I honestly think that if you have the time to start worrying, or for heaven's sake, if you actually REALLY DO need to worry about any of those things...

IT'S TIME FOR A PERSONAL INTERVENTION!!

Monday, January 12, 2009

Jack

One might think that amidst a year’s hiatus, a DUI charge / conviction (with 30 days of jail time served), and a ridiculous writers’ strike – I wouldn’t be too interested in Day 7 of “24”.  Not so much.

My husband and I both (now that’s true devotion) had “appointments” set in our phones for last night’s season premiere.  I got so excited when the 15-minute reminder went off that I completely blew off going to my sister’s house, only to completely ignore my 2-year-old for two hours straight (she won’t remember that, right?).

While this season’s initial villain has me more than a little upset (seriously—don’t even get me started), I am dying to see where the story goes!!!  Loving newcomer, Agent Walker.  Jack needs a new hottie who knows how to handle a weapon in his life.  Can’t wait to see Chloe come back (everyone’s favorite social misfit).  And basically, things are never as they seem in the world of “24”, so anything can happen.

While this season technically is underway now, I won’t really be watching it for another couple of months.  We can’t stand commercials, for one, nor the week to week anticipation.  Come season finale time, you will find my family glued to the TV for about 5 days straight (that’s our season record—mind you, it’s literally 20 hours of Jack), during which we will be sleep-deprived, meal-skimping, treason-dreaming, Bauer-quoting, shower-neglecting, couch-sitting, neglectful parents…

…With one more fabulous season under our wings.  I kind of wish I were Jack Bauer.

Sunday, January 4, 2009

STOP TORTURING ME with your MOLLY DECOR!!

I spent some time last week with an acquaintance.

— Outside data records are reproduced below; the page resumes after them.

text \<open>The condition \<open>Y \<subseteq> atoms P\<close> built into \<^const>\<open>HT\<close> is automatic for answer sets:
  an atom outside the program can be dropped from any model of the reduct.\<close>
lemma AS_iff:
  "Y \<in> AS P \<longleftrightarrow> (\<forall>r\<in>P. ht_sat Y Y r) \<and> (\<forall>X. X \<subset> Y \<longrightarrow> (\<exists>r\<in>P. \<not> ht_sat X Y r))"
  (is "_ \<longleftrightarrow> ?model \<and> ?minimal")
proof
  assume "Y \<in> AS P"
  then have HT_Y: "(Y, Y) \<in> HT P" and no_smaller: "\<not> (\<exists>X. X \<subset> Y \<and> (X, Y) \<in> HT P)"
    unfolding AS_def by auto
  have "?minimal"
  proof (intro allI impI)
    fix X assume "X \<subset> Y"
    with no_smaller have "(X, Y) \<notin> HT P" by blast
    with HT_Y \<open>X \<subset> Y\<close> show "\<exists>r\<in>P. \<not> ht_sat X Y r"
      unfolding mem_HT_iff by auto
  qed
  moreover from HT_Y have "?model"
    unfolding mem_HT_iff by auto
  ultimately show "?model \<and> ?minimal" by blast
next
  assume "?model \<and> ?minimal"
  then have model: "?model" and minimal: "?minimal" by auto
  have "Y \<subseteq> atoms P"
  proof
    fix a assume "a \<in> Y"
    show "a \<in> atoms P"
    proof (rule ccontr)
      assume "a \<notin> atoms P"
      then have "\<forall>r\<in>P. ht_sat (Y - {a}) Y r"
        using model unfolding atoms_def atoms_rule_def by (auto intro: ht_sat_Diff_if_notin_hd)
      moreover have "Y - {a} \<subset> Y" using \<open>a \<in> Y\<close> by auto
      ultimately show False using minimal by auto
    qed
  qed
  with model have "(Y, Y) \<in> HT P"
    unfolding mem_HT_iff by auto
  moreover have "(X, Y) \<notin> HT P" if "X \<subset> Y" for X
    using minimal that unfolding mem_HT_iff by auto
  ultimately show "Y \<in> AS P"
    unfolding AS_def by auto
qed

lemma body_mk_rule [simp]: "body (mk_rule H L) = L"
proof (intro set_eqI iffI)
  fix l assume "l \<in> L"
  then show "l \<in> body (mk_rule H L)" by (cases l) (auto simp: body_def mk_rule_def)
qed (auto simp: body_def mk_rule_def)

lemma hd_mk_rule [simp]: "hd (mk_rule H L) = H"
  by (simp add: mk_rule_def)

lemma ht_sat_mk_rule: "ht_sat X Y (mk_rule H L) \<longleftrightarrow> (\<forall>l\<in>L. lit_holds X Y l) \<longrightarrow> H \<inter> X \<noteq> {}"
  by (simp add: ht_sat_def)

lemma finite_rule_mk_rule:
  assumes "finite H" and "finite L"
  shows "finite_rule (mk_rule H L)"
proof -
  have "{a. Pos a \<in> L} = Pos -` L" "{a. Neg a \<in> L} = Neg -` L" "{a. NegNeg a \<in> L} = NegNeg -` L"
    by auto
  with assms show ?thesis
    unfolding finite_rule_def mk_rule_def by (auto intro!: finite_vimageI simp: inj_def)
qed

lemma finite_body: "finite_rule r \<Longrightarrow> finite (body r)"
  by (simp add: finite_rule_def body_def)

lemma ht_sat_subsumed:
  "hd r' \<subseteq> hd r \<Longrightarrow> body r' \<subseteq> body r \<Longrightarrow> ht_sat X Y r' \<Longrightarrow> ht_sat X Y r"
  unfolding ht_sat_def by blast

lemma lit_holds_there: "X \<subseteq> Y \<Longrightarrow> lit_holds X Y l \<Longrightarrow> lit_holds Y Y l"
  by (cases l) auto

lemma lit_holds_lnot [simp]: "lit_holds X Y (lnot l) \<longleftrightarrow> \<not> lit_holds Y Y l"
  by (cases l) auto

lemma lit_holds_lnn [simp]: "lit_holds X Y (lnn l) \<longleftrightarrow> lit_holds Y Y l"
  by (cases l) auto

lemma lit_atom_lnot [simp]: "lit_atom (lnot l) = lit_atom l"
  by (cases l) auto

lemma lit_atom_lnn [simp]: "lit_atom (lnn l) = lit_atom l"
  by (cases l) auto

lemma ball_Neg_holds_iff [simp]: "(\<forall>l\<in>Neg ` A. lit_holds X Y l) \<longleftrightarrow> A \<inter> Y = {}"
  by auto

lemma ball_lnn_holds_iff [simp]: "(\<forall>l\<in>lnn ` A. lit_holds X Y l) \<longleftrightarrow> (\<forall>l\<in>A. lit_holds Y Y l)"
  by auto

lemma lit_holds_insert: "lit_atom l \<noteq> q \<Longrightarrow> lit_holds (insert q X) Y l \<longleftrightarrow> lit_holds X Y l"
  by (cases l) auto

definition nf_trim :: "'a rule \<Rightarrow> 'a rule" where
  "nf_trim r = r\<lparr>bmm := bmm r - bp r, hd := hd r - bm r\<rparr>"

definition nf_candidates :: "'a rule set \<Rightarrow> 'a rule set" where
  "nf_candidates P = nf_trim ` {r \<in> P. \<not> tautological r}"

lemma nf_trim_simps [simp]:
  "hd (nf_trim r) = hd r - bm r" "bp (nf_trim r) = bp r"
  "bm (nf_trim r) = bm r" "bmm (nf_trim r) = bmm r - bp r"
  by (simp_all add: nf_trim_def)

lemma NF_eq: "NF P = {r \<in> nf_candidates P. minimal_in r (nf_candidates P)}"
proof -
  have "(\<lambda>r. r\<lparr>hd := hd r - bm r\<rparr>) ` (\<lambda>r. r\<lparr>bmm := bmm r - bp r\<rparr>) ` A = nf_trim ` A"
    for A :: "'a rule set"
    unfolding nf_trim_def image_image by simp
  then show ?thesis
    unfolding NF_def nf_candidates_def Let_def by simp
qed

lemma NF_memE:
  assumes "r \<in> NF P"
  obtains r0 where "r0 \<in> P" and "\<not> tautological r0" and "r = nf_trim r0"
  using assms unfolding NF_eq nf_candidates_def by auto

lemma NF_rule_disjoint:
  assumes "r \<in> NF P"
  shows "hd r \<inter> bp r = {}" "bp r \<inter> bm r = {}" "bm r \<inter> bmm r = {}"
    "bp r \<inter> bmm r = {}" "hd r \<inter> bm r = {}"
  using assms by (elim NF_memE; auto simp: tautological_def)+

lemma finite_rule_NF: "\<forall>r\<in>P. finite_rule r \<Longrightarrow> r \<in> NF P \<Longrightarrow> finite_rule r"
  by (elim NF_memE) (auto simp: finite_rule_def)

lemma finite_NF: "finite P \<Longrightarrow> finite (NF P)"
  unfolding NF_eq nf_candidates_def by auto

lemma ht_sat_tautological: "X \<subseteq> Y \<Longrightarrow> tautological r \<Longrightarrow> ht_sat X Y r"
  unfolding tautological_def ht_sat_iff by auto

lemma ht_sat_nf_trim: "X \<subseteq> Y \<Longrightarrow> ht_sat X Y (nf_trim r) \<longleftrightarrow> ht_sat X Y r"
  unfolding ht_sat_iff by auto

lemma ht_sat_of_minimal_in:
  assumes "finite_rule r" and "r \<in> S" and "\<forall>r'\<in>S. minimal_in r' S \<longrightarrow> ht_sat X Y r'"
  shows "ht_sat X Y r"
  using assms
proof (induction "card (hd r) + card (body r)" arbitrary: r rule: less_induct)
  case less
  show ?case
  proof (cases "minimal_in r S")
    case True
    with less.prems show ?thesis by blast
  next
    case False
    then obtain r' where "r' \<in> S" and r'_less:
        "(hd r' \<subseteq> hd r \<and> body r' \<subset> body r) \<or> (hd r' \<subset> hd r \<and> body r' \<subseteq> body r)"
      unfolding minimal_in_def by blast
    then have sub: "hd r' \<subseteq> hd r" "body r' \<subseteq> body r" by auto
    have fin: "finite (hd r)" "finite (body r)"
      using less.prems(1) finite_body by (auto simp: finite_rule_def)
    then have "finite (hd r')" "finite (body r')"
      using sub finite_subset by blast+
    then have "finite_rule r'"
      unfolding finite_rule_def body_def by (auto dest: finite_imageD simp: inj_on_def)
    moreover have "card (hd r') + card (body r') < card (hd r) + card (body r)"
      using r'_less fin psubset_card_mono card_mono by (metis add_le_less_mono add_less_le_mono)
    ultimately have "ht_sat X Y r'"
      using less \<open>r' \<in> S\<close> by blast
    with sub show ?thesis by (rule ht_sat_subsumed)
  qed
qed

lemma ht_sat_NF_iff:
  assumes "X \<subseteq> Y" and "\<forall>r\<in>P. finite_rule r"
  shows "(\<forall>r\<in>NF P. ht_sat X Y r) \<longleftrightarrow> (\<forall>r\<in>P. ht_sat X Y r)"
proof
  assume NF_sat: "\<forall>r\<in>NF P. ht_sat X Y r"
  show "\<forall>r\<in>P. ht_sat X Y r"
  proof
    fix r assume "r \<in> P"
    show "ht_sat X Y r"
    proof (cases "tautological r")
      case True
      with assms(1) show ?thesis by (rule ht_sat_tautological)
    next
      case False
      with \<open>r \<in> P\<close> have "nf_trim r \<in> nf_candidates P"
        unfolding nf_candidates_def by auto
      moreover have "finite_rule (nf_trim r)"
        using assms(2) \<open>r \<in> P\<close> by (auto simp: finite_rule_def)
      ultimately have "ht_sat X Y (nf_trim r)"
        using ht_sat_of_minimal_in NF_sat unfolding NF_eq by blast
      with assms(1) show ?thesis by (simp add: ht_sat_nf_trim)
    qed
  qed
next
  assume "\<forall>r\<in>P. ht_sat X Y r"
  with assms(1) show "\<forall>r\<in>NF P. ht_sat X Y r"
    by (auto elim: NF_memE simp: ht_sat_nf_trim)
qed

lemma lit_atom_Bq: "l \<in> Bq q r \<Longrightarrow> lit_atom l \<noteq> q"
  unfolding Bq_def body_def by auto

lemma Bq_subset_body: "Bq q r \<subseteq> body r"
  unfolding Bq_def by auto

lemma Bq_holds_of_body: "\<forall>l\<in>body r. lit_holds X Y l \<Longrightarrow> \<forall>l\<in>Bq q r. lit_holds X Y l"
  using Bq_subset_body[of q r] by auto

lemma Bq_holds_of_insert:
  assumes "\<forall>l\<in>body r. lit_holds (insert q X) Y l"
  shows "\<forall>l\<in>Bq q r. lit_holds X Y l"
proof
  fix l assume "l \<in> Bq q r"
  with assms have "lit_holds (insert q X) Y l"
    using Bq_subset_body[of q r] by auto
  with \<open>l \<in> Bq q r\<close> show "lit_holds X Y l"
    by (simp add: lit_holds_insert lit_atom_Bq)
qed

lemma q_notin_Hq [simp]: "q \<notin> Hq q r"
  unfolding Hq_def by auto

lemma Hq_subset_hd: "Hq q r \<subseteq> hd r"
  unfolding Hq_def by auto

lemma body_q_iff:
  "Pos q \<in> body r \<longleftrightarrow> q \<in> bp r" "Neg q \<in> body r \<longleftrightarrow> q \<in> bm r"
  "NegNeg q \<in> body r \<longleftrightarrow> q \<in> bmm r"
  unfolding body_def by auto

lemma body_holds_iff_Bq:
  "(\<forall>l\<in>body r. lit_holds X Y l) \<longleftrightarrow> (\<forall>l\<in>Bq q r. lit_holds X Y l)
     \<and> (q \<in> bp r \<longrightarrow> q \<in> X) \<and> (q \<in> bm r \<longrightarrow> q \<notin> Y) \<and> (q \<in> bmm r \<longrightarrow> q \<in> Y)"
proof -
  have "(\<forall>l\<in>body r. lit_holds X Y l) \<longleftrightarrow> (\<forall>l\<in>Bq q r. lit_holds X Y l)
     \<and> (Pos q \<in> body r \<longrightarrow> lit_holds X Y (Pos q)) \<and> (Neg q \<in> body r \<longrightarrow> lit_holds X Y (Neg q))
     \<and> (NegNeg q \<in> body r \<longrightarrow> lit_holds X Y (NegNeg q))"
    unfolding Bq_def by blast
  then show ?thesis
    by (simp add: body_q_iff)
qed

It wasn't time I chose to spend, it was time required and requested, and I accepted, not knowing I would be spending time with this certain acquaintance.....but alas, I found myself there, spending the time, and.....well, just read this....

The conversation was OK, and I was semi-engaged in it. Suddenly, out of nowhere, I was singled out, and addressed with 'YOU have to see what my friend gave me for Christmas, YOU would love it.'

With a semi-forced smile and the 'Oh really, what is it?' that was DUE, but not sincere, I responded.

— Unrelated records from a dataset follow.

text \<open>Replacing a by a point p of the quadrilateral on the same side of cd keeps the crossing:
  the segment pb meets line cd inside the quadrilateral, hence on the segment cd.\<close>
lemma crossing_replace_vertex_same_side:
  assumes cross: "crossing a b c d" and p: "p \<in> convex hull {a, b, c, d}"
    and side: "0 < orient c d p * orient c d a"
    and nonzero: "orient p b c \<noteq> 0" "orient p b d \<noteq> 0"
  shows "crossing p b c d"
proof -
  have pb: "orient c d p * orient c d b < 0"
    using side cross by (auto simp: crossing_def mult_less_0_iff zero_less_mult_iff)
  then have denominator: "orient c d p - orient c d b \<noteq> 0"
    by auto
  define s where "s = orient c d p / (orient c d p - orient c d b)"
  have "0 \<le> s" "s \<le> 1"
    using pb unfolding s_def by (auto simp: mult_less_0_iff divide_simps)
  define z where "z = (1 - s) *\<^sub>R p + s *\<^sub>R b"
  have "z \<in> convex hull {a, b, c, d}"
    using convex_convex_hull[of "{a, b, c, d}"] p hull_inc[of b "{a, b, c, d}"] \<open>0 \<le> s\<close> \<open>s \<le> 1\<close>
    unfolding z_def convex_alt by blast
  moreover have "orient c d z = 0"
    using denominator unfolding z_def orient_convex_comb by (simp add: s_def field_simps)
  ultimately have "z \<in> closed_segment c d"
    by (rule crossing_hull_meets_line_in_segment[OF cross])
  then obtain t where "z = (1 - t) *\<^sub>R c + t *\<^sub>R d" "0 \<le> t" "t \<le> 1"
    by (auto simp: in_segment)
  moreover have "orient p b z = 0"
    by (simp add: z_def orient_convex_comb)
  ultimately have "orient p b c * orient p b d < 0"
    using convex_comb_orient_opposite_signs nonzero by blast
  with pb show ?thesis
    by (simp add: crossing_def)
qed

lemma crossing_replace_vertex:
  assumes gp: "general_position S" and cross: "crossing a b c d" and sub: "{a, b, c, d} \<subseteq> S"
    and p: "p \<in> S" "p \<in> interior (convex hull {a, b, c, d})"
  shows "crossing p b c d \<or> crossing a p c d"
proof -
  have p_ne: "p \<noteq> a" "p \<noteq> b" "p \<noteq> c" "p \<noteq> d"
    using crossing_vertices_not_interior[OF cross] p(2) by auto
  note distinct = crossing_distinct[OF cross]
  have p_hull: "p \<in> convex hull {a, b, c, d}"
    using p(2) interior_subset by blast
  have orient_nonzero: "orient x y p \<noteq> 0" "orient p x y \<noteq> 0"
    if "x \<in> {a, b, c, d}" "y \<in> {a, b, c, d}" "x \<noteq> y" for x y
    using general_position_orient_nonzero[OF gp] that sub p(1) p_ne by auto
  have "orient c d a * orient c d b < 0"
    using cross by (simp add: crossing_def)
  moreover have "orient c d p \<noteq> 0"
    using orient_nonzero(1)[of c d] distinct by simp
  ultimately consider "0 < orient c d p * orient c d a" | "0 < orient c d p * orient c d b"
    by (smt (verit) mult_less_0_iff zero_less_mult_iff)
  then show ?thesis
  proof cases
    case 1
    then show ?thesis
      using crossing_replace_vertex_same_side[OF cross p_hull] orient_nonzero(2) distinct by simp
  next
    case 2
    have "{b, a, c, d} = {a, b, c, d}" by auto
    then have "crossing p a c d"
      using crossing_replace_vertex_same_side[OF crossing_swap12[OF cross] _ 2] p_hull
        orient_nonzero(2) distinct by simp
    then show ?thesis
      using crossing_swap12 by blast
  qed
qed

Then I was HIT with this BRICK, and I was truly blown away with NO IDEA of how to respond in a polite way.

'She made me a PLAQUE for my living room that says 'Having Everything is Believing that you DO.' Please understand, it didn't end there. She went on about what a great saying it is, and that she loves it SO MUCH.

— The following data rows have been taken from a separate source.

(* Let $G$ be a group with identity $e$, $A$ a set containing two distinct elements $0$ and $1$, $S \subseteq G$ finite with $e \in S$, and $r \in S \setminus \{e\}$. Let $p \in A^S$ be given by $p(r) = 1$ and $p(s) = 0$ for $s \in S \setminus\{r\}$, and let $\tau : A^G \to A^G$ be the lazy cellular automaton with minimal local map $\mu : A^S \to A$, unique active transition $p$ and writing symbol $\mu(p) = 1$. Then for any $n\geq 2$, $\mathrm{ord}(\tau) > n$ if and only if $r^j\notin S$ for all $2\leq j \leq n$.
   Context: $A^G$ is the set of maps $G \to A$ with shift action $(g\cdot x)(h) := x(hg)$. A cellular automaton is a map $\tau : A^G \to A^G$ with a finite $S \subseteq G$ and $\mu : A^S \to A$ such that $\tau(x)(g) = \mu((g\cdot x)|_S)$; the minimal local map is the local defining map on the neighborhood of smallest cardinality. $\tau$ is lazy with unique active transition $p \in A^S$ and writing symbol $\mu(p)$ if $e \in S$ and for all $z \in A^S$: $\mu(z) = z(e)$ iff $z \neq p$. $\tau^k$ is the $k$-fold composition, $\tau^0$ the identity; $\mathrm{ord}(\tau) := |\{\tau^k : k \in \mathbb{N}\}|$, $\mathbb{N}=\{0,1,\dots\}$. *)

theory Defs
  imports Main "HOL-Library.FuncSet" "HOL-Library.Extended_Nat"
begin

text \<open>The group G is a type of class group_add (group operation written +,
identity 0, not assumed commutative). Configurations A^G are functions 'g \<Rightarrow> 'a.\<close>

definition shift :: "'g::group_add \<Rightarrow> ('g \<Rightarrow> 'a) \<Rightarrow> ('g \<Rightarrow> 'a)" where
  "shift g x = (\<lambda>h. x (h + g))"

text \<open>Cellular automaton with neighborhood S and local map mu; patterns in A^S are
represented as extensional functions (undefined outside S).\<close>
definition cell_aut :: "'g::group_add set \<Rightarrow> (('g \<Rightarrow> 'a) \<Rightarrow> 'a) \<Rightarrow> ('g \<Rightarrow> 'a) \<Rightarrow> ('g \<Rightarrow> 'a)" where
  "cell_aut S mu x = (\<lambda>g. mu (restrict (shift g x) S))"

definition lazy_local :: "'g::group_add set \<Rightarrow> (('g \<Rightarrow> 'a) \<Rightarrow> 'a) \<Rightarrow> ('g \<Rightarrow> 'a) \<Rightarrow> bool" where
  "lazy_local S mu p \<longleftrightarrow> 0 \<in> S \<and> p \<in> S \<rightarrow>\<^sub>E UNIV \<and>
     (\<forall>z \<in> S \<rightarrow>\<^sub>E UNIV. mu z = z 0 \<longleftrightarrow> z \<noteq> p)"

definition ca_ord :: "('b \<Rightarrow> 'b) \<Rightarrow> enat" where
  "ca_ord tau = (if finite {tau ^^ k | k. True} then enat (card {tau ^^ k | k. True}) else \<infinity>)"

primrec gpow :: "'g::group_add \<Rightarrow> nat \<Rightarrow> 'g" where
  "gpow r 0 = 0"
| "gpow r (Suc j) = gpow r j + r"

end

theory Submission
  imports Defs
begin

(* A cell of tau changes only by being overwritten with the writing symbol one, and it does so
   exactly when the pattern p (one at r + g, zero on the rest of S + g) is seen around it.
   If g fires at time t + 1 then r + g fired at time t: the zeros around g were already zero,
   and had r + g already been one, g would have fired at time t and could not show p(0) = zero
   now.  Iterating, a firing at time i forces the initial configuration to be one at
   r^(i+1) + g.  So if r^(i+1) lies in S and r^i <> 0, that cell reads one and not zero when g
   would fire at time i; nothing fires then and tau^(i+1) = tau^i.  The least j >= 2 with
   r^j in S has r^(j-1) <> 0, whence ord(tau) <= j.  Conversely, if no r^j with 2 <= j <= n lies
   in S, the configuration that is one exactly at r^n grows by one cell per step into
   {r^(n-k), ..., r^n}, so tau^0, ..., tau^n are pairwise distinct. *)

lemma gpow_add: "gpow r (i + j) = gpow r i + gpow r j"
  by (induction j) (simp_all add: add.assoc)

lemma gpow_Suc_left: "gpow r (Suc j) = r + gpow r j"
  using gpow_add[of r 1 j] by simp

lemma gpow_add_right_cancel:
  assumes "m \<le> i" and "s + gpow r m = gpow r i"
  shows "s = gpow r (i - m)"
proof -
  have "gpow r i = gpow r (i - m) + gpow r m"
    using gpow_add[of r "i - m" m] assms(1) by simp
  with assms(2) show ?thesis by simp
qed

lemma gpow_mem_with_nonzero_pred:
  assumes "0 \<in> S" and "r \<noteq> 0" and "2 \<le> j" and "gpow r j \<in> S"
  shows "\<exists>i<j. gpow r (Suc i) \<in> S \<and> gpow r i \<noteq> 0"
  using assms(3,4)
proof (induction j rule: less_induct)
  case (less j)
  then obtain i where j: "j = Suc i" and "1 \<le> i"
    by (cases j) auto
  show ?case
  proof (cases "gpow r i = 0")
    case True
    then have "2 \<le> i"
      using \<open>1 \<le> i\<close> \<open>r \<noteq> 0\<close> by (cases "i = 1") auto
    with True less.IH[of i] \<open>0 \<in> S\<close> j
    obtain i' where "i' < i" "gpow r (Suc i') \<in> S" "gpow r i' \<noteq> 0"
      by auto
    with j show ?thesis
      using less_SucI by blast
  next
    case False
    with less.prems j show ?thesis by auto
  qed
qed

lemma funpow_add_eq_of_Suc_eq:
  fixes f :: "'a \<Rightarrow> 'a"
  assumes "f ^^ Suc i = f ^^ i"
  shows "f ^^ (k + i) = f ^^ i"
proof (induction k)
  case (Suc k)
  have "f ^^ (Suc k + i) = f \<circ> f ^^ (k + i)" by simp
  also have "\<dots> = f ^^ Suc i" using Suc.IH by simp
  finally show ?case using assms by simp
qed simp

lemma ca_ord_le_if_funpow_Suc_eq:
  assumes "f ^^ Suc i = f ^^ i"
  shows "ca_ord f \<le> enat (Suc i)"
proof -
  let ?T = "{f ^^ k | k. True}"
  have "f ^^ k \<in> (\<lambda>k. f ^^ k) ` {..i}" for k
  proof (cases "k \<le> i")
    case False
    then have "f ^^ k = f ^^ i"
      using funpow_add_eq_of_Suc_eq[OF assms, of "k - i"] by simp
    then show ?thesis by auto
  qed auto
  then have sub: "?T \<subseteq> (\<lambda>k. f ^^ k) ` {..i}" by blast
  then have "card ?T \<le> Suc i"
    using card_mono[OF _ sub] card_image_le[of "{..i}" "\<lambda>k. f ^^ k"] by simp
  with finite_subset[OF sub] show ?thesis
    unfolding ca_ord_def by simp
qed

lemma ca_ord_gt_if_inj_on_funpow:
  assumes "inj_on (\<lambda>k. f ^^ k) {..n}"
  shows "enat n < ca_ord f"
proof (cases "finite {f ^^ k | k. True}")
  case True
  have "(\<lambda>k. f ^^ k) ` {..n} \<subseteq> {f ^^ k | k. True}" by blast
  from card_mono[OF True this] have "Suc n \<le> card {f ^^ k | k. True}"
    using card_image[OF assms] by simp
  with True show ?thesis
    unfolding ca_ord_def by simp
qed (simp add: ca_ord_def)

locale lazy_ca =
  fixes S :: "'g::group_add set" and mu :: "('g \<Rightarrow> 'a) \<Rightarrow> 'a" and p :: "'g \<Rightarrow> 'a"
  assumes lazy: "lazy_local S mu p"
begin

abbreviation tau :: "('g \<Rightarrow> 'a) \<Rightarrow> 'g \<Rightarrow> 'a" where
  "tau \<equiv> cell_aut S mu"

definition pattern_at :: "('g \<Rightarrow> 'a) \<Rightarrow> 'g \<Rightarrow> bool" where
  "pattern_at y g \<longleftrightarrow> (\<forall>s\<in>S. y (s + g) = p s)"

lemma zero_in_S: "0 \<in> S"
  using lazy unfolding lazy_local_def by blast

lemma pattern_at_value: "pattern_at y g \<Longrightarrow> y g = p 0"
  using zero_in_S unfolding pattern_at_def by (metis add_0)

lemma mu_p_neq_p_at_0: "mu p \<noteq> p 0"
  using lazy unfolding lazy_local_def by blast

lemma tau_apply: "tau y g = (if pattern_at y g then mu p else y g)"
proof -
  let ?z = "restrict (shift g y) S"
  have p_ext: "p \<in> extensional S"
    using lazy unfolding lazy_local_def by (simp add: PiE_iff)
  have z_eq_p: "?z = p \<longleftrightarrow> pattern_at y g"
  proof
    assume "?z = p"
    then show "pattern_at y g"
      unfolding pattern_at_def by (metis restrict_apply' shift_def)
  next
    assume "pattern_at y g"
    then show "?z = p"
      using p_ext unfolding pattern_at_def
      by (intro ext) (auto simp: shift_def extensional_def)
  qed
  show ?thesis
  proof (cases "pattern_at y g")
    case True
    with z_eq_p show ?thesis
      by (simp add: cell_aut_def)
  next
    case False
    moreover have "?z \<in> S \<rightarrow>\<^sub>E UNIV"
      by simp
    ultimately have "mu ?z = ?z 0"
      using z_eq_p lazy unfolding lazy_local_def by blast
    with False zero_in_S show ?thesis
      by (simp add: cell_aut_def shift_def)
  qed
qed

lemma tau_changes_iff: "tau y g \<noteq> y g \<longleftrightarrow> pattern_at y g"
  using tau_apply pattern_at_value mu_p_neq_p_at_0 by auto

lemma funpow_unwritten_const:
  assumes "t \<le> t'" and "(tau ^^ t') x g \<noteq> mu p"
  shows "(tau ^^ t) x g = (tau ^^ t') x g"
  using assms
proof (induction t')
  case (Suc m)
  then have "(tau ^^ Suc m) x g = (tau ^^ m) x g"
    using tau_apply[of "(tau ^^ m) x" g] by (auto split: if_splits)
  with Suc show ?case
    by (cases "t \<le> m") (auto simp: le_Suc_eq)
qed simp

lemma funpow_written_persists:
  "t \<le> t' \<Longrightarrow> (tau ^^ t) x g = mu p \<Longrightarrow> (tau ^^ t') x g = mu p"
  using funpow_unwritten_const by metis

end

locale single_one_ca = lazy_ca S mu p
  for S :: "'g::group_add set" and mu :: "('g \<Rightarrow> 'a) \<Rightarrow> 'a" and p :: "'g \<Rightarrow> 'a" +
  fixes r :: 'g and zero one :: 'a
  assumes symbols_distinct: "zero \<noteq> one"
    and r_in_S: "r \<in> S" and r_nonzero: "r \<noteq> 0"
    and p_eq: "p = restrict (\<lambda>s. if s = r then one else zero) S"
    and mu_p: "mu p = one"
begin

lemma p_at_r: "p r = one"
  using r_in_S p_eq by simp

I just listened. I waited for the Nonsense to STOP. Then I said something like 'Isn't it awesome when your friends know you SO WELL? I'm glad you are excited about it.'

Yup. I had to say something like that. Why do people corner me with this kind of emotional bombardment? First, I HATE THAT CRAP!!! Seriously. I HATE IT! How am I supposed to act excited about this stuff? I despise it on principal.

I'm also totally PISSED that the saying excites her. Why? I don't know. It totally bugs me. Having Everything is Believing that you do? Why do the Women of our time play these kind of mind games with themselves? This is self-trickery. And, why does she want everything to the point that she has to start the mind games in the first place? Does she really want everything? To me, this thing is just a complaint....a whiny, housewife with a grudge that wants to pull it off as a Holier-than-thou sort of self denial program.
Is this some sort of Mormon culture thing that I've been blissfully unaware 0f?

Having everything means getting rid of the tacky decor with the Stupid A saying on it. Seriously CHICK, occupy your thoughts with something more meaningful......print that on a plaque and hang it in your living room!
I still feel tortured that I even had this experience...sometimes, I just don't want to talk to people about their chotchsky's. I don't have an interest in what you hang on your walls, but I can assure you, when it's stuff like this, your better off keeping your TASTE to yourself.
(Confession - I do have a plaque in my house.....it's in my Son's room......but it says 'WILD THING, I THINK I LOVE YOU!)